Бимби качает младенца, прижимает его к пустой груди: старухи шепчутся, молока еще нет. Мужчины разливают по пластиковым стаканам мутное пойло, злей и горячее самогона, которым меня угощал добрый старик.
Со всех нар, изо всех клеток выползают подростки, детвора, старики. Кислый запах страха проходит, выветривается; его замещает прогорклый воздух победы.

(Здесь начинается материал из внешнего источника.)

(* Let $\mathbf C$ be a symmetric monoidal restriction category. The tensor unit $I$ of $\mathrm{Aux}(\mathbf C)$ is restriction terminal: for every object $A$, the morphism $!_A=[\lambda_A^{-1},A]\colon A\to I$ is total, and every total morphism $[f,E]\colon A\to I$ of $\mathrm{Aux}(\mathbf C)$ equals $!_A$. Consequently $\mathrm{Aux}(\mathbf C)$ is affine, and the projections $\pi_1=\rho_A\circ(\mathrm{id}_A\otimes !_B)\colon A\otimes B\to A$ and $\pi_2=\lambda_B\circ(!_A\otimes\mathrm{id}_B)\colon A\otimes B\to B$ (formed in $\mathrm{Aux}(\mathbf C)$) are total.
   Context: A restriction category is a category equipped with an assignment to each morphism $f\colon A\to B$ of an endomorphism $\overline{f}\colon A\to A$ such that (i) $f\circ\overline f=f$; (ii) $\overline f\circ\overline g=\overline g\circ\overline f$ whenever $f,g$ have a common domain; (iii) $\overline{g\circ\overline f}=\overline g\circ\overline f$ whenever $f,g$ have a common domain; (iv) $\overline g\circ f=f\circ\overline{g\circ f}$ whenever $g\circ f$ is defined. A morphism $f$ is total if $\overline f=\mathrm{id}$. A (symmetric) monoidal restriction category is a restriction category with a (symmetric) monoidal structure such that $\overline{f\otimes g}=\overline f\otimes\overline g$. An object $1$ is restriction terminal if every object has exactly one total morphism to $1$; a symmetric monoidal restriction category is affine if its tensor unit is restriction terminal. Let $\mathbf C$ be a symmetric monoidal restriction category with tensor unit $I$, associator $\alpha$, left unitor $\lambda$, right unitor $\rho$. For morphisms $f\colon A\to B\otimes E$ and $f'\colon A\to B\otimes E'$ write $f\triangleright f'$ if $\overline f=\overline{f'}$ and there is a morphism $h\colon E\to E'$ with $(\mathrm{id}_B\otimes h)\circ f=f'$. Let $\sim$ be the equivalence relation generated by $\triangleright$. The category $\mathrm{Aux}(\mathbf C)$ has the objects of $\mathbf C$; a morphism $A\to B$ is a $\sim$-class $[f,E]$ of a morphism $f\colon A\to B\otimes E$ of $\mathbf C$; composition is $[g,E']\circ[f,E]=[\alpha\circ(g\otimes\mathrm{id}_E)\circ f,\;E'\otimes E]$; identities are $[\rho^{-1},I]$. It is a symmetric monoidal restriction category with $\overline{[f,E]}=[\rho^{-1}\circ\overline f,I]$, tensor on objects as in $\mathbf C$, $[f,E]\otimes[f',E']=[\vartheta\circ(f\otimes f'),E\otimes E']$ where $\vartheta\colon(B\otimes E)\otimes(B'\otimes E')\cong(B\otimes B')\otimes(E\otimes E')$ is the canonical isomorphism, and coherence isomorphisms $[\rho^{-1}\circ\beta,I]$ for coherence isomorphisms $\beta$ of $\mathbf C$ (unitors of $\mathrm{Aux}(\mathbf C)$ are again written $\lambda,\rho$). *)

theory Defs
  imports Main
begin

text \<open>A (symmetric monoidal restriction) category presented by its data:
  objects of type 'o, morphisms of type 'm, with explicit carriers.
  comp g f is g after f.  assoc A B C : (A*B)*C -> A*(B*C),
  lunit A : I*A -> A,  runit A : A*I -> A,  sym A B : A*B -> B*A.\<close>

record ('o, 'm) smrc =
  obj :: "'o set"
  arr :: "'m set"
  dom :: "'m \<Rightarrow> 'o"
  cod :: "'m \<Rightarrow> 'o"
  comp :: "'m \<Rightarrow> 'm \<Rightarrow> 'm"
  idm :: "'o \<Rightarrow> 'm"
  rst :: "'m \<Rightarrow> 'm"
  tobj :: "'o \<Rightarrow> 'o \<Rightarrow> 'o"
  tarr :: "'m \<Rightarrow> 'm \<Rightarrow> 'm"
  unit :: "'o"
  assoc :: "'o \<Rightarrow> 'o \<Rightarrow> 'o \<Rightarrow> 'm"
  lunit :: "'o \<Rightarrow> 'm"
  runit :: "'o \<Rightarrow> 'm"
  sym :: "'o \<Rightarrow> 'o \<Rightarrow> 'm"

definition hom :: "('o, 'm) smrc \<Rightarrow> 'o \<Rightarrow> 'o \<Rightarrow> 'm set" where
  "hom C A B = {f \<in> arr C. dom C f = A \<and> cod C f = B}"

definition is_iso :: "('o, 'm) smrc \<Rightarrow> 'm \<Rightarrow> bool" where
  "is_iso C f \<longleftrightarrow> f \<in> arr C \<and> (\<exists>g \<in> hom C (cod C f) (dom C f).
      comp C g f = idm C (dom C f) \<and> comp C f g = idm C (cod C f))"

definition inv_arr :: "('o, 'm) smrc \<Rightarrow> 'm \<Rightarrow> 'm" where
  "inv_arr C f = (THE g. g \<in> hom C (cod C f) (dom C f) \<and>
      comp C g f = idm C (dom C f) \<and> comp C f g = idm C (cod C f))"

definition is_category :: "('o, 'm) smrc \<Rightarrow> bool" where
  "is_category C \<longleftrightarrow>
     (\<forall>f \<in> arr C. dom C f \<in> obj C \<and> cod C f \<in> obj C) \<and>
     (\<forall>A \<in> obj C. idm C A \<in> hom C A A) \<and>
     (\<forall>f \<in> arr C. \<forall>g \<in> arr C. cod C f = dom C g \<longrightarrow> comp C g f \<in> hom C (dom C f) (cod C g)) \<and>
     (\<forall>f \<in> arr C. comp C f (idm C (dom C f)) = f \<and> comp C (idm C (cod C f)) f = f) \<and>
     (\<forall>f \<in> arr C. \<forall>g \<in> arr C. \<forall>h \<in> arr C. cod C f = dom C g \<longrightarrow> cod C g = dom C h \<longrightarrow>
        comp C h (comp C g f) = comp C (comp C h g) f)"

definition is_restriction_category :: "('o, 'm) smrc \<Rightarrow> bool" where
  "is_restriction_category C \<longleftrightarrow> is_category C \<and>
     (\<forall>f \<in> arr C. rst C f \<in> hom C (dom C f) (dom C f)) \<and>
     (\<forall>f \<in> arr C. comp C f (rst C f) = f) \<and>
     (\<forall>f \<in> arr C. \<forall>g \<in> arr C. dom C f = dom C g \<longrightarrow>
        comp C (rst C f) (rst C g) = comp C (rst C g) (rst C f)) \<and>
     (\<forall>f \<in> arr C. \<forall>g \<in> arr C. dom C f = dom C g \<longrightarrow>
        rst C (comp C g (rst C f)) = comp C (rst C g) (rst C f)) \<and>
     (\<forall>f \<in> arr C. \<forall>g \<in> arr C. cod C f = dom C g \<longrightarrow>
        comp C (rst C g) f = comp C f (rst C (comp C g f)))"

definition is_smrc :: "('o, 'm) smrc \<Rightarrow> bool" where
  "is_smrc C \<longleftrightarrow> is_restriction_category C \<and>
     unit C \<in> obj C \<and>
     (\<forall>A \<in> obj C. \<forall>B \<in> obj C. tobj C A B \<in> obj C) \<and>
     \<comment> \<open>tensor is a bifunctor\<close>
     (\<forall>f \<in> arr C. \<forall>g \<in> arr C. tarr C f g \<in>
        hom C (tobj C (dom C f) (dom C g)) (tobj C (cod C f) (cod C g))) \<and>
     (\<forall>A \<in> obj C. \<forall>B \<in> obj C. tarr C (idm C A) (idm C B) = idm C (tobj C A B)) \<and>
     (\<forall>f \<in> arr C. \<forall>g \<in> arr C. \<forall>f' \<in> arr C. \<forall>g' \<in> arr C.
        cod C f = dom C g \<longrightarrow> cod C f' = dom C g' \<longrightarrow>
        tarr C (comp C g f) (comp C g' f') = comp C (tarr C g g') (tarr C f f')) \<and>
     \<comment> \<open>structure isomorphisms\<close>
     (\<forall>A \<in> obj C. \<forall>B \<in> obj C. \<forall>D \<in> obj C.
        assoc C A B D \<in> hom C (tobj C (tobj C A B) D) (tobj C A (tobj C B D)) \<and> is_iso C (assoc C A B D)) \<and>
     (\<forall>A \<in> obj C. lunit C A \<in> hom C (tobj C (unit C) A) A \<and> is_iso C (lunit C A)) \<and>
     (\<forall>A \<in> obj C. runit C A \<in> hom C (tobj C A (unit C)) A \<and> is_iso C (runit C A)) \<and>
     (\<forall>A \<in> obj C. \<forall>B \<in> obj C. sym C A B \<in> hom C (tobj C A B) (tobj C B A) \<and> is_iso C (sym C A B)) \<and>
     \<comment> \<open>naturality\<close>
     (\<forall>f \<in> arr C. \<forall>g \<in> arr C. \<forall>h \<in> arr C.
        comp C (assoc C (cod C f) (cod C g) (cod C h)) (tarr C (tarr C f g) h) =
        comp C (tarr C f (tarr C g h)) (assoc C (dom C f) (dom C g) (dom C h))) \<and>
     (\<forall>f \<in> arr C. comp C (lunit C (cod C f)) (tarr C (idm C (unit C)) f) = comp C f (lunit C (dom C f))) \<and>
     (\<forall>f \<in> arr C. comp C (runit C (cod C f)) (tarr C f (idm C (unit C))) = comp C f (runit C (dom C f))) \<and>
     (\<forall>f \<in> arr C. \<forall>g \<in> arr C.
        comp C (sym C (cod C f) (cod C g)) (tarr C f g) = comp C (tarr C g f) (sym C (dom C f) (dom C g))) \<and>
     \<comment> \<open>coherence: pentagon, triangle, hexagon, symmetry\<close>
     (\<forall>A \<in> obj C. \<forall>B \<in> obj C. \<forall>D \<in> obj C. \<forall>E \<in> obj C.
        comp C (assoc C A B (tobj C D E)) (assoc C (tobj C A B) D E) =
        comp C (tarr C (idm C A) (assoc C B D E))
          (comp C (assoc C A (tobj C B D) E) (tarr C (assoc C A B D) (idm C E)))) \<and>
     (\<forall>A \<in> obj C. \<forall>B \<in> obj C.
        comp C (tarr C (idm C A) (lunit C B)) (assoc C A (unit C) B) = tarr C (runit C A) (idm C B)) \<and>
     (\<forall>A \<in> obj C. \<forall>B \<in> obj C. \<forall>D \<in> obj C.
        comp C (assoc C B D A) (comp C (sym C A (tobj C B D)) (assoc C A B D)) =
        comp C (tarr C (idm C B) (sym C A D))
          (comp C (assoc C B A D) (tarr C (sym C A B) (idm C D)))) \<and>
     (\<forall>A \<in> obj C. \<forall>B \<in> obj C. comp C (sym C B A) (sym C A B) = idm C (tobj C A B)) \<and>
     \<comment> \<open>monoidal restriction\<close>
     (\<forall>f \<in> arr C. \<forall>g \<in> arr C. rst C (tarr C f g) = tarr C (rst C f) (rst C g))"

— За Девендру! За вашего деда! — басит широченный человечина со сросшимися бровями. — Простите, что мы не успели.
— Он умер, как герой, как мужчина, — говорит седеющий тигр, исполосованный белыми шрамами. — Умер за Сомнат. Выпьем за Девендру.
— Не думал он умирать! — воет старая Чахна. — Все врал, врал! Говорила ему: замолчи, не зли богов! А он все — вот бы помереть...
Но мужчины-тигры ее не слышат.
— Там наша земля! Исконно наша! Не вонючих паков и не узкоглазых, которые ее себе захапали! Никакой там не Индокитай и никогда не будет! За великую Индию! Мы вернемся!
— За Индию! За Сомнат! — гремят голоса.
— Зачем он это сделал, ба?! — спрашивает Радж. — Он бы мог жить еще! Мы бы нашли ему воду, я почти договорился...
— Зачем... — Баба Чахна смотрит на него, качает головой по-особому. — Дети не должны умирать вперед родителей, Радж. Они бы убили тебя... Он нарочно их разозлил.
— Я так не хочу! Не хочу, чтобы дед за меня своей жизнью платил! — Радж сжимает кулаки. — Мы уже договорились! Нашли ему воду! Ему и тебе! Нашли!
— Я... Мне не надо... — глухо говорит Чахна. — Куда я без него...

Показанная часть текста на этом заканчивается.